All lines that hold the string "region" should be copied. Find them in the listing below.

Records for the exercise>
..............................
(* Let $X, Y, Z$ be Polish spaces and let $P: X \rightsquigarrow Y$ be a tight Feller kernel such that each $P(x,\cdot)$ has a continuous density $\rho_x$ with respect to a fixed reference Borel measure on $Y$. Let $\epsilon \in [0,1)$ and let $R \subseteq X \times Z$ and $S \subseteq Y \times Z$ be closed relations. If $P_!^\epsilon R \subseteq S$, then $R \subseteq P^{*,\epsilon} S$.
   Context: Markov kernel, Feller and tight as usual: $P(x,\cdot)$ Borel probability measures, $x \mapsto P(x,A)$ measurable; Feller means $x \mapsto \int\phi\,dP(x,\cdot)$ continuous for bounded continuous $\phi$; tight means for each compact $K \subseteq X$, $\eta>0$ there is compact $L$ with $P(x,L) \ge 1-\eta$ for $x \in K$. The $\epsilon$-highest density region is $\mathrm{supp}_\epsilon(P(x)) = \{y : \rho_x(y) \ge \lambda_\epsilon\}$ with $\lambda_\epsilon = \sup\{\lambda \ge 0 : P(x, \{y : \rho_x(y) \ge \lambda\}) \ge 1-\epsilon\}$. The $\epsilon$-pushforward is $P_!^\epsilon R = \overline{\bigcup_{(x,z) \in R} \mathrm{supp}_\epsilon(P(x)) \times \{z\}} \subseteq Y \times Z$ (closure). The $\epsilon$-pullback is $P^{*,\epsilon} S = \{(x,z) : P(x, S_z) \ge 1-\epsilon\}$ with $S_z = \{y : (y,z) \in S\}$. *)

theory Defs
  imports "HOL-Probability.Probability"
begin

definition markov_kernel :: "('x::topological_space \<Rightarrow> 'y::topological_space measure) \<Rightarrow> bool" where
  "markov_kernel P \<longleftrightarrow>
     (\<forall>x. prob_space (P x) \<and> sets (P x) = sets borel) \<and>
     (\<forall>A \<in> sets (borel :: 'y measure). (\<lambda>x. measure (P x) A) \<in> borel_measurable borel)"

definition feller_kernel :: "('x::topological_space \<Rightarrow> 'y::topological_space measure) \<Rightarrow> bool" where
  "feller_kernel P \<longleftrightarrow>
     (\<forall>\<phi> :: 'y \<Rightarrow> real. continuous_on UNIV \<phi> \<and> bounded (range \<phi>) \<longrightarrow>
        continuous_on UNIV (\<lambda>x. \<integral>y. \<phi> y \<partial>P x))"

definition tight_kernel :: "('x::topological_space \<Rightarrow> 'y::topological_space measure) \<Rightarrow> bool" where
  "tight_kernel P \<longleftrightarrow>
     (\<forall>K \<eta>. compact K \<and> (\<eta>::real) > 0 \<longrightarrow>
        (\<exists>L. compact L \<and> (\<forall>x\<in>K. measure (P x) L \<ge> 1 - \<eta>)))"

definition hd_level :: "('x \<Rightarrow> 'y measure) \<Rightarrow> ('x \<Rightarrow> 'y \<Rightarrow> real) \<Rightarrow> real \<Rightarrow> 'x \<Rightarrow> real" where
  "hd_level P \<rho> \<epsilon> x = Sup {l. l \<ge> 0 \<and> measure (P x) {y. \<rho> x y \<ge> l} \<ge> 1 - \<epsilon>}"

definition hd_supp :: "('x \<Rightarrow> 'y measure) \<Rightarrow> ('x \<Rightarrow> 'y \<Rightarrow> real) \<Rightarrow> real \<Rightarrow> 'x \<Rightarrow> 'y set" where
  "hd_supp P \<rho> \<epsilon> x = {y. \<rho> x y \<ge> hd_level P \<rho> \<epsilon> x}"

definition eps_pushforward ::
  "('x \<Rightarrow> 'y::topological_space measure) \<Rightarrow> ('x \<Rightarrow> 'y \<Rightarrow> real) \<Rightarrow> real \<Rightarrow> ('x \<times> 'z::topological_space) set \<Rightarrow> ('y \<times> 'z) set" where
  "eps_pushforward P \<rho> \<epsilon> R = closure (\<Union>(x, z) \<in> R. hd_supp P \<rho> \<epsilon> x \<times> {z})"

definition eps_pullback ::
  "('x \<Rightarrow> 'y measure) \<Rightarrow> real \<Rightarrow> ('y \<times> 'z) set \<Rightarrow> ('x \<times> 'z) set" where
  "eps_pullback P \<epsilon> S = {(x, z). measure (P x) {y. (y, z) \<in> S} \<ge> 1 - \<epsilon>}"

end

theory Submission
  imports Defs
begin

text \<open>The supremum defining \<open>\<lambda>\<^sub>\<epsilon>\<close> is attained: the superlevel sets \<open>{\<rho>\<^sub>x \<ge> \<lambda>}\<close> shrink as
  \<open>\<lambda>\<close> rises, so continuity of \<open>P(x)\<close> from above shows that the \<open>\<epsilon>\<close>-highest density region
  itself has mass at least \<open>1 - \<epsilon>\<close>. For \<open>(x, z) \<in> R\<close> this region lies in the section \<open>S\<^sub>z\<close>
  because \<open>P\<^sub>!\<^sup>\<epsilon> R \<subseteq> S\<close>.\<close>

lemma (in finite_measure) measure_INT_decseq_ge:
  assumes "range A \<subseteq> sets M" "decseq A" "\<And>n. c \<le> measure M (A n)"
  shows "c \<le> measure M (\<Inter>n. A n)"
  using finite_Lim_measure_decseq[OF assms(1,2)] by (rule LIMSEQ_le_const) (use assms(3) in auto)

lemma INT_superlevel_diff_inverse_Suc:
  fixes f :: "'a \<Rightarrow> real"
  shows "(\<Inter>n. {y. s - inverse (Suc n) \<le> f y}) = {y. s \<le> f y}"
proof (intro set_eqI iffI)
  fix y
  assume "y \<in> {y. s \<le> f y}"
  then have "s \<le> f y"
    by simp
  have "s - inverse (Suc n) \<le> f y" for n
  proof -
    have "0 \<le> inverse (real (Suc n))"
      by simp
    with \<open>s \<le> f y\<close> show ?thesis
      by linarith
  qed
  then show "y \<in> (\<Inter>n. {y. s - inverse (Suc n) \<le> f y})"
    by blast
next
  fix y
  assume "y \<in> (\<Inter>n. {y. s - inverse (Suc n) \<le> f y})"
  moreover have "(\<lambda>n. s - inverse (Suc n)) \<longlonglongrightarrow> s - 0"
    by (intro tendsto_intros LIMSEQ_inverse_real_of_nat)
  ultimately show "y \<in> {y. s \<le> f y}"
    by (simp add: LIMSEQ_le_const2)
qed

lemma (in prob_space) prob_superlevel_antimono:
  fixes f :: "'a \<Rightarrow> real"
  assumes "\<And>l. {y. l \<le> f y} \<in> events" "a \<le> b"
  shows "prob {y. b \<le> f y} \<le> prob {y. a \<le> f y}"
  using assms by (intro finite_measure_mono) auto

lemma (in prob_space) bdd_above_superlevel_prob:
  fixes f :: "'a \<Rightarrow> real"
  assumes meas: "\<And>l. {y. l \<le> f y} \<in> events" and "0 < c"
  shows "bdd_above {l. c \<le> prob {y. l \<le> f y}}"
proof (rule ccontr)
  assume "\<not> bdd_above {l. c \<le> prob {y. l \<le> f y}}"
  have "c \<le> prob {y. real n \<le> f y}" for n
  proof -
    obtain l where "c \<le> prob {y. l \<le> f y}" "real n < l"
      using \<open>\<not> bdd_above _\<close> by (auto simp: bdd_above_def not_le)
    then show ?thesis
      using prob_superlevel_antimono[OF meas, of "real n" l] by simp
  qed
  then have "c \<le> prob (\<Inter>n. {y. real n \<le> f y})"
    using meas by (intro measure_INT_decseq_ge) (auto simp: decseq_def)
  moreover have "(\<Inter>n. {y. real n \<le> f y}) = {}"
  proof (rule equals0I)
    fix y
    assume y: "y \<in> (\<Inter>n. {y. real n \<le> f y})"
    obtain n where "f y < real n"
      using reals_Archimedean2 by blast
    moreover have "real n \<le> f y"
      using y by blast
    ultimately show False
      by linarith
  qed
  ultimately show False
    using \<open>0 < c\<close> by simp
qed

lemma (in prob_space) prob_superlevel_Sup_ge:
  fixes f :: "'a \<Rightarrow> real"
  assumes meas: "\<And>l. {y. l \<le> f y} \<in> events" and nonneg: "\<And>y. 0 \<le> f y"
    and "0 \<le> e" "e < 1"
  shows "1 - e \<le> prob {y. Sup {l. 0 \<le> l \<and> 1 - e \<le> prob {y. l \<le> f y}} \<le> f y}"
proof -
  define L where "L = {l. 0 \<le> l \<and> 1 - e \<le> prob {y. l \<le> f y}}"
  have "{y. 0 \<le> f y} = UNIV"
    using nonneg by auto
  then have "{y. 0 \<le> f y} = space M"
    using meas[of 0] sets.sets_into_space by auto
  then have "0 \<in> L"
    using \<open>0 \<le> e\<close> by (simp add: L_def prob_space)
  have "bdd_above {l. 1 - e \<le> prob {y. l \<le> f y}}"
    using \<open>e < 1\<close> by (intro bdd_above_superlevel_prob meas) simp
  then have "bdd_above L"
    by (rule bdd_above_mono) (auto simp: L_def)
  define s where "s = Sup L"
  have "1 - e \<le> prob {y. s - inverse (Suc n) \<le> f y}" for n
  proof -
    have "s - inverse (Suc n) < Sup L"
      by (simp add: s_def)
    then obtain l where "l \<in> L" "s - inverse (Suc n) < l"
      using \<open>0 \<in> L\<close> by (auto elim: less_cSupE)
    then show ?thesis
      using prob_superlevel_antimono[OF meas, of "s - inverse (Suc n)" l] by (simp add: L_def)
  qed
  moreover have "decseq (\<lambda>n. {y. s - inverse (Suc n) \<le> f y})"
  proof (rule decseq_SucI)
    fix n
    have "inverse (real (Suc (Suc n))) \<le> inverse (Suc n)"
      by (simp add: le_imp_inverse_le)
    then show "{y. s - inverse (Suc (Suc n)) \<le> f y} \<subseteq> {y. s - inverse (Suc n) \<le> f y}"
      using order_trans[OF diff_left_mono] by blast
  qed
  ultimately have "1 - e \<le> prob (\<Inter>n. {y. s - inverse (Suc n) \<le> f y})"
    using meas by (intro measure_INT_decseq_ge) auto
  moreover have "(\<Inter>n. {y. s - inverse (Suc n) \<le> f y}) = {y. s \<le> f y}"
    by (rule INT_superlevel_diff_inverse_Suc)
  ultimately show ?thesis
    by (simp add: s_def L_def)
qed

lemma measure_hd_supp_ge:
  fixes \<rho> :: "'x \<Rightarrow> 'y::topological_space \<Rightarrow> real"
  assumes "prob_space (P x)" "sets (P x) = sets borel"
    and "\<rho> x \<in> borel_measurable borel" "\<And>y. 0 \<le> \<rho> x y"
    and "0 \<le> \<epsilon>" "\<epsilon> < 1"
  shows "1 - \<epsilon> \<le> measure (P x) (hd_supp P \<rho> \<epsilon> x)"
proof -
  have "{y. l \<le> \<rho> x y} \<in> sets (P x)" for l
    unfolding assms(2) using assms(3) by measurable
  then show ?thesis
    unfolding hd_supp_def hd_level_def
    using prob_space.prob_superlevel_Sup_ge[OF assms(1)] assms(4-6) by blast
qed

lemma hd_supp_times_subset_eps_pushforward:
  assumes "(x, z) \<in> R"
  shows "hd_supp P \<rho> \<epsilon> x \<times> {z} \<subseteq> eps_pushforward P \<rho> \<epsilon> R"
  unfolding eps_pushforward_def using assms by (intro subset_trans[OF _ closure_subset]) auto

lemma closed_section:
  fixes S :: "('a::topological_space \<times> 'b::topological_space) set"
  assumes "closed S"
  shows "closed {y. (y, z) \<in> S}"
  using closed_vimage[OF assms continuous_on_Pair[OF continuous_on_id continuous_on_const]]
  by (simp add: vimage_def)

theorem mainTheorem16:
  fixes P :: "'x::polish_space \<Rightarrow> 'y::polish_space measure"
    and \<mu> :: "'y measure"
    and \<rho> :: "'x \<Rightarrow> 'y \<Rightarrow> real"
    and \<epsilon> :: real
    and R :: "('x \<times> 'z::polish_space) set"
    and S :: "('y \<times> 'z) set"
  assumes "markov_kernel P" and "feller_kernel P" and "tight_kernel P"
    and "sets \<mu> = sets borel"
    and "\<And>x. continuous_on UNIV (\<rho> x)"
    and "\<And>x y. \<rho> x y \<ge> 0"
    and "\<And>x. P x = density \<mu> (\<lambda>y. ennreal (\<rho> x y))"
    and "0 \<le> \<epsilon>" and "\<epsilon> < 1"
    and "closed R" and "closed S"
    and "eps_pushforward P \<rho> \<epsilon> R \<subseteq> S"
  shows "R \<subseteq> eps_pullback P \<epsilon> S"
proof (rule subrelI)
  fix x z
  assume "(x, z) \<in> R"
  have Px: "prob_space (P x)" "sets (P x) = sets borel"
    using assms(1) unfolding markov_kernel_def by blast+
  have "hd_supp P \<rho> \<epsilon> x \<subseteq> {y. (y, z) \<in> S}"
    using hd_supp_times_subset_eps_pushforward[OF \<open>(x, z) \<in> R\<close>] assms(12) by blast
  moreover have "{y. (y, z) \<in> S} \<in> sets (P x)"
    using closed_section[OF assms(11)] Px(2) by simp
  ultimately have "measure (P x) (hd_supp P \<rho> \<epsilon> x) \<le> measure (P x) {y. (y, z) \<in> S}"
    by (rule finite_measure.finite_measure_mono[OF prob_space.finite_measure[OF Px(1)]])
  moreover have "1 - \<epsilon> \<le> measure (P x) (hd_supp P \<rho> \<epsilon> x)"
    using Px borel_measurable_continuous_onI[OF assms(5)] assms(6,8,9)
    by (rule measure_hd_supp_ge)
  ultimately show "(x, z) \<in> eps_pullback P \<epsilon> S"
    unfolding eps_pullback_def by simp
qed

end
..............................
Response>
   Context: Markov kernel, Feller and tight as usual: $P(x,\cdot)$ Borel probability measures, $x \mapsto P(x,A)$ measurable; Feller means $x \mapsto \int\phi\,dP(x,\cdot)$ continuous for bounded continuous $\phi$; tight means for each compact $K \subseteq X$, $\eta>0$ there is compact $L$ with $P(x,L) \ge 1-\eta$ for $x \in K$. The $\epsilon$-highest density region is $\mathrm{supp}_\epsilon(P(x)) = \{y : \rho_x(y) \ge \lambda_\epsilon\}$ with $\lambda_\epsilon = \sup\{\lambda \ge 0 : P(x, \{y : \rho_x(y) \ge \lambda\}) \ge 1-\epsilon\}$. The $\epsilon$-pushforward is $P_!^\epsilon R = \overline{\bigcup_{(x,z) \in R} \mathrm{supp}_\epsilon(P(x)) \times \{z\}} \subseteq Y \times Z$ (closure). The $\epsilon$-pullback is $P^{*,\epsilon} S = \{(x,z) : P(x, S_z) \ge 1-\epsilon\}$ with $S_z = \{y : (y,z) \in S\}$. *)
  \<open>\<lambda>\<close> rises, so continuity of \<open>P(x)\<close> from above shows that the \<open>\<epsilon>\<close>-highest density region
  itself has mass at least \<open>1 - \<epsilon>\<close>. For \<open>(x, z) \<in> R\<close> this region lies in the section \<open>S\<^sub>z\<close>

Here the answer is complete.